You may ask: so what does a typical field day look like here in Israel? This post is one I should have written a while ago, but it took a long time to understand what "typical" meant. Here it goes:
Tuesday
5:30 am: Get up; grab lunch, water, coffee, cooler, toolbox, bucket, dive booties, change of clothes, towel; walk to bus stop.
6:00 am: Transfer to second bus. By now, plenty of weird looks - I'm carrying all kinds of unusual items.
6:30 am: Arrive at University Sadna (Dive Facility). Meet the guys (Amir and Mosheko); load the truck and the boat with gear and equipment; and, just when you though you were ready to go, relax with a cup of Turkish coffee (now I'm awake!!!).
7:30 am: On the road to field site. Unexpected detour through residential neighborhood. Involving a 3-point turn by an F-350 towing a 20-ft boat on a trailer.
8:00 am: Arrive at field site. Get wet and start the military-style boat launch. This involves lots of yelling and being ordered around, but it works - just hard at 8 in the morning.
Boat launch in Nahariyya, northern Israel |
8:30 am: Collecting data, doing research, diving, launching nets - the best part of my day. The guys are helpful, creative, and fun to work with.
Hauling in the net |
Capturing the critters |
10:00 am: One more station to sample. But... alas, Amir decides it's time for a coffee break. From beneath the deck, he unpacks a toolbox. Out comes a camping stove, finjan, and glass cups. The water boils and the Turkish coffee flows. Amir transforms the workbench into a coffee bar and installs himself as the barista. If coffee isn't your thing, feel free to take a refreshing swim instead.

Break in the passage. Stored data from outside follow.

lemma phase_waiting:
  assumes W: "wins n j tau" and alpha: "alpha \<in> omega_words {0, 1}"
  shows "t mod period n + j \<le> deadline n \<Longrightarrow> phase n (outcome (fk j) tau alpha) t = 0"
proof (induction t)
  case (Suc t)
  let ?w = "outcome (fk j) tau alpha"
  show ?case
  proof (cases "t mod period n = deadline n + 1")
    case True
    then show ?thesis
      using wins_never_sink[OF W alpha] by (simp add: phase_Suc phase_step_reset)
  next
    case False
    then have early: "t mod period n + j < deadline n"
      using Suc.prems by (simp add: mod_period_Suc)
    then have "phase n ?w t = 0" using Suc.IH by simp
    moreover have "1 < snd (?w t)"
      using premature_guess_refuted[OF W alpha calculation early] .
    ultimately show ?thesis
      using early by (simp add: phase_Suc phase_step_wait)
  qed
qed simp

lemma strat_cost_lower_bound:
  assumes W: "wins n j tau"
  shows "enat (deadline n - j) \<le> strat_cost (guess_aut n) (fk j) {0, 1} tau"
proof -
  define alpha :: "nat \<Rightarrow> nat" where "alpha = (\<lambda>_. 0)"
  define w where "w = outcome (fk j) tau alpha"
  have alpha: "alpha \<in> omega_words {0, 1}" unfolding alpha_def omega_words_def by simp
  have w: "w \<in> omega_words (alph (guess_aut n))"
    using W alpha unfolding w_def winning_def by (blast intro: outcome_in_alph_guess_aut)
  have "enat (deadline n - j) \<le> Cor (guess_aut n) w (m * period n + 1)" for m
  proof (rule distance_to_even_le_Cor[OF finitary_buchi_guess_aut w])
    fix e assume "e < deadline n - j"
    moreover have "Suc e < period n"
      using calculation by (simp add: period_def)
    then have "(m * period n + 1 + e) mod period n = Suc e"
      by (metis add.assoc mod_less mod_mult_self3 plus_1_eq_Suc)
    ultimately show "color (guess_aut n) (run (guess_aut n) w (m * period n + 1 + e)) \<noteq> 2"
      using phase_waiting[OF W alpha, of "m * period n + 1 + e"] unfolding w_def even_run_guess_aut
      by simp
  qed
  moreover have "m \<le> m * period n + 1" for m
  proof -
    have "m * 1 \<le> m * period n" by (rule mult_le_mono2) (simp add: period_def)
    then show ?thesis by linarith
  qed
  ultimately have "\<exists>\<^sub>F m in sequentially. enat (deadline n - j) \<le> Cor (guess_aut n) w m"
    unfolding frequently_sequentially by (meson le_trans le_refl)
  then have "enat (deadline n - j) \<le> limsup (Cor (guess_aut n) w)"
    by (rule le_Limsup_frequently)
  also have "\<dots> \<le> strat_cost (guess_aut n) (fk j) {0, 1} tau"
    unfolding strat_cost_def w_def using alpha by (rule SUP_upper)
  finally show ?thesis .
qed

text \<open>In round \<open>t\<close> Player O has seen the letters up to position \<open>t + j\<close>, so with lookahead
  \<open>j\<close> she can announce the deadline letter exactly \<open>j\<close> positions before the deadline.\<close>

definition predict :: "nat \<Rightarrow> nat \<Rightarrow> nat list \<Rightarrow> nat" where
  "predict n j xs =
     (if (length xs - Suc j) mod period n + j = deadline n then min 1 (last xs) else 2)"

lemma strategy_predict: "strategy {0, 1} {0, 1, 2} (predict n j)"
  by (simp add: strategy_def predict_def min_def)

lemma outcome_predict:
  assumes "alpha \<in> omega_words {0, 1}"
  shows "outcome (fk j) (predict n j) alpha t =
    (alpha t, if t mod period n + j = deadline n then alpha (t + j) else 2)"
proof -
  have "min 1 (alpha (t + j)) = alpha (t + j)"
    using omega_words_bits_le_1[OF assms, of "t + j"] by (simp add: min_def)
  then show ?thesis
    unfolding outcome_fk predict_def by simp
qed
(* Let $V$ be a set of $n$ vertices, $k$ a positive integer, $u,w\in V$ distinct, and $V_{uw}\subseteq V\setminus\{u,w\}$ a set of $k$ vertices partitioned as $V_{uw}=V_u\cup V_w$ with $V_u=\{v_1,\ldots,v_s\}$ and $V_w=\{v_{s+1},\ldots,v_k\}$. Let $t$ be a spanning tree of the complete graph on $V$ with at most $k$ leaves (vertices of degree $1$) such that each vertex of $V_u$ is adjacent in $t$ only to $u$, and each vertex of $V_w$ is adjacent in $t$ only to $w$. Let $t_h$ be the graph obtained from $t$ by deleting the vertices $v_1,\ldots,v_k$ together with their incident edges. Then $t_h$ is a Hamiltonian path on the $n-k$ vertices of $V\setminus V_{uw}$. *)

theory Defs
  imports Main
begin

text \<open>Simple graphs with vertex set V are given by edge sets E of 2-element
  subsets of V (i.e. subgraphs of the complete graph on V).\<close>

definition graph_on :: "'a set \<Rightarrow> 'a set set \<Rightarrow> bool" where
  "graph_on V E \<longleftrightarrow> E \<subseteq> {{x, y} | x y. x \<in> V \<and> y \<in> V \<and> x \<noteq> y}"

definition connected_on :: "'a set \<Rightarrow> 'a set set \<Rightarrow> bool" where
  "connected_on V E \<longleftrightarrow> (\<forall>x\<in>V. \<forall>y\<in>V. (x, y) \<in> {(a, b). {a, b} \<in> E}\<^sup>*)"

definition is_cycle :: "'a set set \<Rightarrow> 'a list \<Rightarrow> bool" where
  "is_cycle E cs \<longleftrightarrow> length cs \<ge> 3 \<and> distinct cs \<and>
     (\<forall>i. Suc i < length cs \<longrightarrow> {cs ! i, cs ! Suc i} \<in> E) \<and> {last cs, hd cs} \<in> E"

definition acyclic_graph :: "'a set set \<Rightarrow> bool" where
  "acyclic_graph E \<longleftrightarrow> \<not> (\<exists>cs. is_cycle E cs)"

definition spanning_tree :: "'a set \<Rightarrow> 'a set set \<Rightarrow> bool" where
  "spanning_tree V E \<longleftrightarrow> graph_on V E \<and> connected_on V E \<and> acyclic_graph E"

definition degree :: "'a set set \<Rightarrow> 'a \<Rightarrow> nat" where
  "degree E x = card {e \<in> E. x \<in> e}"

definition leaves :: "'a set \<Rightarrow> 'a set set \<Rightarrow> 'a set" where
  "leaves V E = {x \<in> V. degree E x = 1}"

definition delete_vertices :: "'a set set \<Rightarrow> 'a set \<Rightarrow> 'a set set" where
  "delete_vertices E S = {e \<in> E. e \<inter> S = {}}"

definition hamiltonian_path :: "'a set \<Rightarrow> 'a set set \<Rightarrow> bool" where
  "hamiltonian_path W E \<longleftrightarrow> (\<exists>ps. distinct ps \<and> set ps = W \<and>
      E = {{ps ! i, ps ! Suc i} | i. Suc i < length ps})"

end

theory Submission
  imports Defs
begin

text \<open>Every vertex of \<open>V\<^sub>u\<^sub>w\<close> has a unique neighbour, \<open>u\<close> or \<open>w\<close>, so it is a leaf of
  \<open>t\<close>; since \<open>t\<close> has at most \<open>k\<close> leaves, these are all of them. Deleting pendant vertices
  keeps a tree connected and acyclic, and only their neighbours can become new leaves, so the
  pruned tree has no leaves besides \<open>u\<close> and \<open>w\<close>. A tree whose leaves lie among two vertices
  is a path.\<close>

abbreviation walk :: "'a set set \<Rightarrow> 'a list \<Rightarrow> bool" where
  "walk E xs \<equiv> successively (\<lambda>x y. {x, y} \<in> E) xs"

lemma graph_on_edgeD:
  "graph_on V E \<Longrightarrow> {x, y} \<in> E \<Longrightarrow> x \<in> V \<and> y \<in> V \<and> x \<noteq> y"
  unfolding graph_on_def by (auto simp: doubleton_eq_iff)

lemma graph_on_edge_containing:
  "graph_on V E \<Longrightarrow> e \<in> E \<Longrightarrow> x \<in> e \<Longrightarrow> \<exists>y. e = {x, y}"
  unfolding graph_on_def by auto

lemma graph_on_degree_pos_imp_vertex:
  assumes "graph_on V E" and "degree E x \<noteq> 0"
  shows "x \<in> V"
proof -
  obtain e where "e \<in> E" "x \<in> e"
    using assms(2) unfolding degree_def by (metis (no_types, lifting) card.empty empty_Collect_eq)
  then show ?thesis using assms(1) unfolding graph_on_def by auto
qed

Variations on the coffee break include: Anchoring the boat and swimming to the beach to have coffee with the local kibbutz sailing club. Or, picking up acquaintances, friends, colleagues, or the former chief admiral of the Israeli navy.
10:30 am: Finish with plankton tows, moving on to diving.
10:45 am: In the water diving, dodging jellyfish
11:00 am: Get your ass in the boat by hauling yourself through the tuna door. If you fail, you will be left behind when Mosheko takes off like a bat out of hell.
12:00 pm: Lunch time! Variations on this include: no lunch, packed sandwiches, hummus at a gas station, or dock the boat at a busy fish pier send runner to best hummus place in Israel for takeout. While this happening, watch culinary show filming at fish pier. Are we really on TV? Ask the Dutch guy, he's the producer.
If anyone sees this on the Food Network, let me know |
12:45 pm: Back to the boat launch and time to extract the boat - stressful times! One person on the boat, one in the truck and the rest in the water. Lots of yelling and getting wet. Pull the boat, yank the rope, gun the engine, spin the tires, cross your fingers. Chances are you will repeat these steps more than once.
The R/V Zvi - finally on the trailer! |
1:15 pm: Head home to Haifa.
2:00 pm: Arrive at the Sadna. Unpack and wash the boat, truck, gear, etc.
3:00 pm: Finish up and, if you're lucky, get dropped off at a more convenient bus stop.